INSTRUCTIONS FOR THE TASK:
The output should be identical to the entries that follow.

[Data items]
--- START ---

definition famRV :: "('a \<Rightarrow> real) \<Rightarrow> ('a \<Rightarrow> real) \<Rightarrow> (nat \<Rightarrow> 'a \<Rightarrow> real) \<Rightarrow> idx \<Rightarrow> 'a \<Rightarrow> real" where
  "famRV Ys Yd C i = (case i of IYs \<Rightarrow> Ys | IYd \<Rightarrow> Yd | IC n \<Rightarrow> C n)"

definition Dsum :: "(nat \<Rightarrow> 'a \<Rightarrow> real) \<Rightarrow> nat \<Rightarrow> 'a \<Rightarrow> real" where
  "Dsum C n \<omega> = (\<Sum>i\<in>{1..n}. C i \<omega>)"

definition Bbar :: "(nat \<Rightarrow> 'a \<Rightarrow> real) \<Rightarrow> real \<Rightarrow> 'a \<Rightarrow> nat" where
  "Bbar C t \<omega> = (LEAST n. 1 \<le> n \<and> t \<le> Dsum C n \<omega>)"

definition Kr :: "(nat \<Rightarrow> 'a \<Rightarrow> real) \<Rightarrow> ('a \<Rightarrow> real) \<Rightarrow> 'a \<Rightarrow> nat" where
  "Kr C Ys \<omega> = Bbar C (Ys \<omega>) \<omega>"

definition Vs :: "(nat \<Rightarrow> 'a \<Rightarrow> real) \<Rightarrow> ('a \<Rightarrow> real) \<Rightarrow> 'a \<Rightarrow> real" where
  "Vs C Ys \<omega> = Dsum C (Kr C Ys \<omega>) \<omega>"

definition Zd :: "('a \<Rightarrow> real) \<Rightarrow> ('a \<Rightarrow> real) \<Rightarrow> 'a \<Rightarrow> real" where
  "Zd Ys Yd \<omega> = Ys \<omega> + Yd \<omega>"

definition Xr :: "(nat \<Rightarrow> 'a \<Rightarrow> real) \<Rightarrow> ('a \<Rightarrow> real) \<Rightarrow> ('a \<Rightarrow> real) \<Rightarrow> 'a \<Rightarrow> real" where
  "Xr C Ys Yd \<omega> = min (Vs C Ys \<omega>) (Zd Ys Yd \<omega>)"
lemma isect_point_of_cone_vector:
  assumes "n + 1 \<notin> B" and "\<forall>u\<in>cone_normal n a c ` B. dotp u z = 0"
    and "dotp (cone_normal n a c (n + 1)) z \<noteq> 0"
  obtains x where "x \<in> isect a c B"
    and "\<And>j. j \<noteq> n + 1 \<Longrightarrow> x \<in> hyp (a j) (c j) \<longleftrightarrow> dotp (cone_normal n a c j) z = 0"
proof -
  obtain y t where z: "z = homog y t" by (rule homog_cases)
  have "t \<noteq> 0" using assms(3) by (simp add: z dotp_cone_normal)
  then have "homog ((1 / t) *s y) 1 = (1 / t) *s z" by (simp add: z scale_homog)
  then have "dotp u (homog ((1 / t) *s y) 1) = 0 \<longleftrightarrow> dotp u z = 0" for u
    using \<open>t \<noteq> 0\<close> by (simp add: dotp_scale_right)
  moreover have "\<forall>i\<in>B. dotp (cone_normal n a c i) z = 0" using assms(2) by blast
  ultimately show thesis
    using that[of "(1 / t) *s y"] assms(1) by (simp add: mem_isect_iff mem_hyp_iff)
qed

lemma isect_eq_empty_iff:
  assumes "B \<subseteq> {1..n}"
  shows "isect a c B = {} \<longleftrightarrow> cone_normal n a c (n + 1) \<in> vec.span (cone_normal n a c ` B)"
proof
  have nB: "n + 1 \<notin> B" using assms by auto
  assume empty: "isect a c B = {}"
  show "cone_normal n a c (n + 1) \<in> vec.span (cone_normal n a c ` B)"
  proof (rule ccontr)
    assume "cone_normal n a c (n + 1) \<notin> vec.span (cone_normal n a c ` B)"
    then obtain z where z: "\<forall>u\<in>cone_normal n a c ` B. dotp u z = 0"
      "dotp (cone_normal n a c (n + 1)) z \<noteq> 0"
      by (rule exists_separating_dotp)
    obtain x where "x \<in> isect a c B"
      using isect_point_of_cone_vector[OF nB z] by blast
    with empty show False by blast
  qed
next
  have nB: "n + 1 \<notin> B" using assms by auto
  assume "cone_normal n a c (n + 1) \<in> vec.span (cone_normal n a c ` B)"
  then have "dotp (cone_normal n a c (n + 1)) (homog x 1) = 0" if "x \<in> isect a c B" for x
    using nB that by (rule dotp_eq_0_on_span_isect[rotated 2])
  then show "isect a c B = {}" by (force simp: dotp_cone_normal)
qed

lemma isect_subset_hyp_iff:
  assumes "B \<subseteq> {1..n}" and "j \<in> {1..n}"
  shows "isect a c B \<subseteq> hyp (a j) (c j) \<longleftrightarrow> entails (cone_normal n a c) (n + 1) B j"
proof
  assume sub: "isect a c B \<subseteq> hyp (a j) (c j)"
  have nB: "n + 1 \<notin> B" and j: "j \<noteq> n + 1" using assms by auto
  show "entails (cone_normal n a c) (n + 1) B j"
  proof (rule ccontr)
    assume "\<not> entails (cone_normal n a c) (n + 1) B j"
    then have "cone_normal n a c (n + 1) \<notin> vec.span (cone_normal n a c ` B)"
      "cone_normal n a c j \<notin> vec.span (cone_normal n a c ` B)"
      by (auto simp: entails_def)
    then obtain z where z: "\<forall>u\<in>cone_normal n a c ` B. dotp u z = 0"
      "dotp (cone_normal n a c (n + 1)) z \<noteq> 0" "dotp (cone_normal n a c j) z \<noteq> 0"
      by (rule exists_separating_dotp2)
    obtain x where "x \<in> isect a c B" "x \<notin> hyp (a j) (c j)"
      using isect_point_of_cone_vector[OF nB z(1,2)] z(3) j by blast
    with sub show False by blast
  qed
next
  assume "entails (cone_normal n a c) (n + 1) B j"
  then consider "cone_normal n a c (n + 1) \<in> vec.span (cone_normal n a c ` B)"
    | "cone_normal n a c j \<in> vec.span (cone_normal n a c ` B)"
    unfolding entails_def by blast
  then show "isect a c B \<subseteq> hyp (a j) (c j)"
  proof cases
    case 1
    then have "isect a c B = {}" using isect_eq_empty_iff[OF assms(1)] by blast
    then show ?thesis by simp
next
    case 2
    have "n + 1 \<notin> B" "j \<noteq> n + 1" using assms by auto
    then show ?thesis
      using 2 dotp_eq_0_on_span_isect[of n B _ a c] by (auto simp: mem_hyp_iff)
  qed
qed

--- END ---

WRITTEN RESPONSE:
definition famRV :: "('a \<Rightarrow> real) \<Rightarrow> ('a \<Rightarrow> real) \<Rightarrow> (nat \<Rightarrow> 'a \<Rightarrow> real) \<Rightarrow> idx \<Rightarrow> 'a \<Rightarrow> real" where
  "famRV Ys Yd C i = (case i of IYs \<Rightarrow> Ys | IYd \<Rightarrow> Yd | IC n \<Rightarrow> C n)"

definition Dsum :: "(nat \<Rightarrow> 'a \<Rightarrow> real) \<Rightarrow> nat \<Rightarrow> 'a \<Rightarrow> real" where
  "Dsum C n \<omega> = (\<Sum>i\<in>{1..n}. C i \<omega>)"

definition Bbar :: "(nat \<Rightarrow> 'a \<Rightarrow> real) \<Rightarrow> real \<Rightarrow> 'a \<Rightarrow> nat" where
  "Bbar C t \<omega> = (LEAST n. 1 \<le> n \<and> t \<le> Dsum C n \<omega>)"

definition Kr :: "(nat \<Rightarrow> 'a \<Rightarrow> real) \<Rightarrow> ('a \<Rightarrow> real) \<Rightarrow> 'a \<Rightarrow> nat" where
  "Kr C Ys \<omega> = Bbar C (Ys \<omega>) \<omega>"

definition Vs :: "(nat \<Rightarrow> 'a \<Rightarrow> real) \<Rightarrow> ('a \<Rightarrow> real) \<Rightarrow> 'a \<Rightarrow> real" where
  "Vs C Ys \<omega> = Dsum C (Kr C Ys \<omega>) \<omega>"

definition Zd :: "('a \<Rightarrow> real) \<Rightarrow> ('a \<Rightarrow> real) \<Rightarrow> 'a \<Rightarrow> real" where
  "Zd Ys Yd \<omega> = Ys \<omega> + Yd \<omega>"

definition Xr :: "(nat \<Rightarrow> 'a \<Rightarrow> real) \<Rightarrow> ('a \<Rightarrow> real) \<Rightarrow> ('a \<Rightarrow> real) \<Rightarrow> 'a \<Rightarrow> real" where
  "Xr C Ys Yd \<omega> = min (Vs C Ys \<omega>) (Zd Ys Yd \<omega>)"
lemma isect_point_of_cone_vector:
  assumes "n + 1 \<notin> B" and "\<forall>u\<in>cone_normal n a c ` B. dotp u z = 0"
    and "dotp (cone_normal n a c (n + 1)) z \<noteq> 0"
  obtains x where "x \<in> isect a c B"
    and "\<And>j. j \<noteq> n + 1 \<Longrightarrow> x \<in> hyp (a j) (c j) \<longleftrightarrow> dotp (cone_normal n a c j) z = 0"
proof -
  obtain y t where z: "z = homog y t" by (rule homog_cases)
  have "t \<noteq> 0" using assms(3) by (simp add: z dotp_cone_normal)
  then have "homog ((1 / t) *s y) 1 = (1 / t) *s z" by (simp add: z scale_homog)
  then have "dotp u (homog ((1 / t) *s y) 1) = 0 \<longleftrightarrow> dotp u z = 0" for u
    using \<open>t \<noteq> 0\<close> by (simp add: dotp_scale_right)
  moreover have "\<forall>i\<in>B. dotp (cone_normal n a c i) z = 0" using assms(2) by blast
  ultimately show thesis
    using that[of "(1 / t) *s y"] assms(1) by (simp add: mem_isect_iff mem_hyp_iff)
qed

lemma isect_eq_empty_iff:
  assumes "B \<subseteq> {1..n}"
  shows "isect a c B = {} \<longleftrightarrow> cone_normal n a c (n + 1) \<in> vec.span (cone_normal n a c ` B)"
proof
  have nB: "n + 1 \<notin> B" using assms by auto
  assume empty: "isect a c B = {}"
  show "cone_normal n a c (n + 1) \<in> vec.span (cone_normal n a c ` B)"
  proof (rule ccontr)
    assume "cone_normal n a c (n + 1) \<notin> vec.span (cone_normal n a c ` B)"
    then obtain z where z: "\<forall>u\<in>cone_normal n a c ` B. dotp u z = 0"
      "dotp (cone_normal n a c (n + 1)) z \<noteq> 0"
      by (rule exists_separating_dotp)
    obtain x where "x \<in> isect a c B"
      using isect_point_of_cone_vector[OF nB z] by blast
    with empty show False by blast
  qed
next
  have nB: "n + 1 \<notin> B" using assms by auto
  assume "cone_normal n a c (n + 1) \<in> vec.span (cone_normal n a c ` B)"
  then have "dotp (cone_normal n a c (n + 1)) (homog x 1) = 0" if "x \<in> isect a c B" for x
    using nB that by (rule dotp_eq_0_on_span_isect[rotated 2])
  then show "isect a c B = {}" by (force simp: dotp_cone_normal)
qed

lemma isect_subset_hyp_iff:
  assumes "B \<subseteq> {1..n}" and "j \<in> {1..n}"
  shows "isect a c B \<subseteq> hyp (a j) (c j) \<longleftrightarrow> entails (cone_normal n a c) (n + 1) B j"
proof
  assume sub: "isect a c B \<subseteq> hyp (a j) (c j)"
  have nB: "n + 1 \<notin> B" and j: "j \<noteq> n + 1" using assms by auto
  show "entails (cone_normal n a c) (n + 1) B j"
  proof (rule ccontr)
    assume "\<not> entails (cone_normal n a c) (n + 1) B j"
    then have "cone_normal n a c (n + 1) \<notin> vec.span (cone_normal n a c ` B)"
      "cone_normal n a c j \<notin> vec.span (cone_normal n a c ` B)"
      by (auto simp: entails_def)
    then obtain z where z: "\<forall>u\<in>cone_normal n a c ` B. dotp u z = 0"
      "dotp (cone_normal n a c (n + 1)) z \<noteq> 0" "dotp (cone_normal n a c j) z \<noteq> 0"
      by (rule exists_separating_dotp2)
    obtain x where "x \<in> isect a c B" "x \<notin> hyp (a j) (c j)"
      using isect_point_of_cone_vector[OF nB z(1,2)] z(3) j by blast
    with sub show False by blast
  qed
next
  assume "entails (cone_normal n a c) (n + 1) B j"
  then consider "cone_normal n a c (n + 1) \<in> vec.span (cone_normal n a c ` B)"
    | "cone_normal n a c j \<in> vec.span (cone_normal n a c ` B)"
    unfolding entails_def by blast
  then show "isect a c B \<subseteq> hyp (a j) (c j)"
  proof cases
    case 1
    then have "isect a c B = {}" using isect_eq_empty_iff[OF assms(1)] by blast
    then show ?thesis by simp
next
    case 2
    have "n + 1 \<notin> B" "j \<noteq> n + 1" using assms by auto
    then show ?thesis
      using 2 dotp_eq_0_on_span_isect[of n B _ a c] by (auto simp: mem_hyp_iff)
  qed
qed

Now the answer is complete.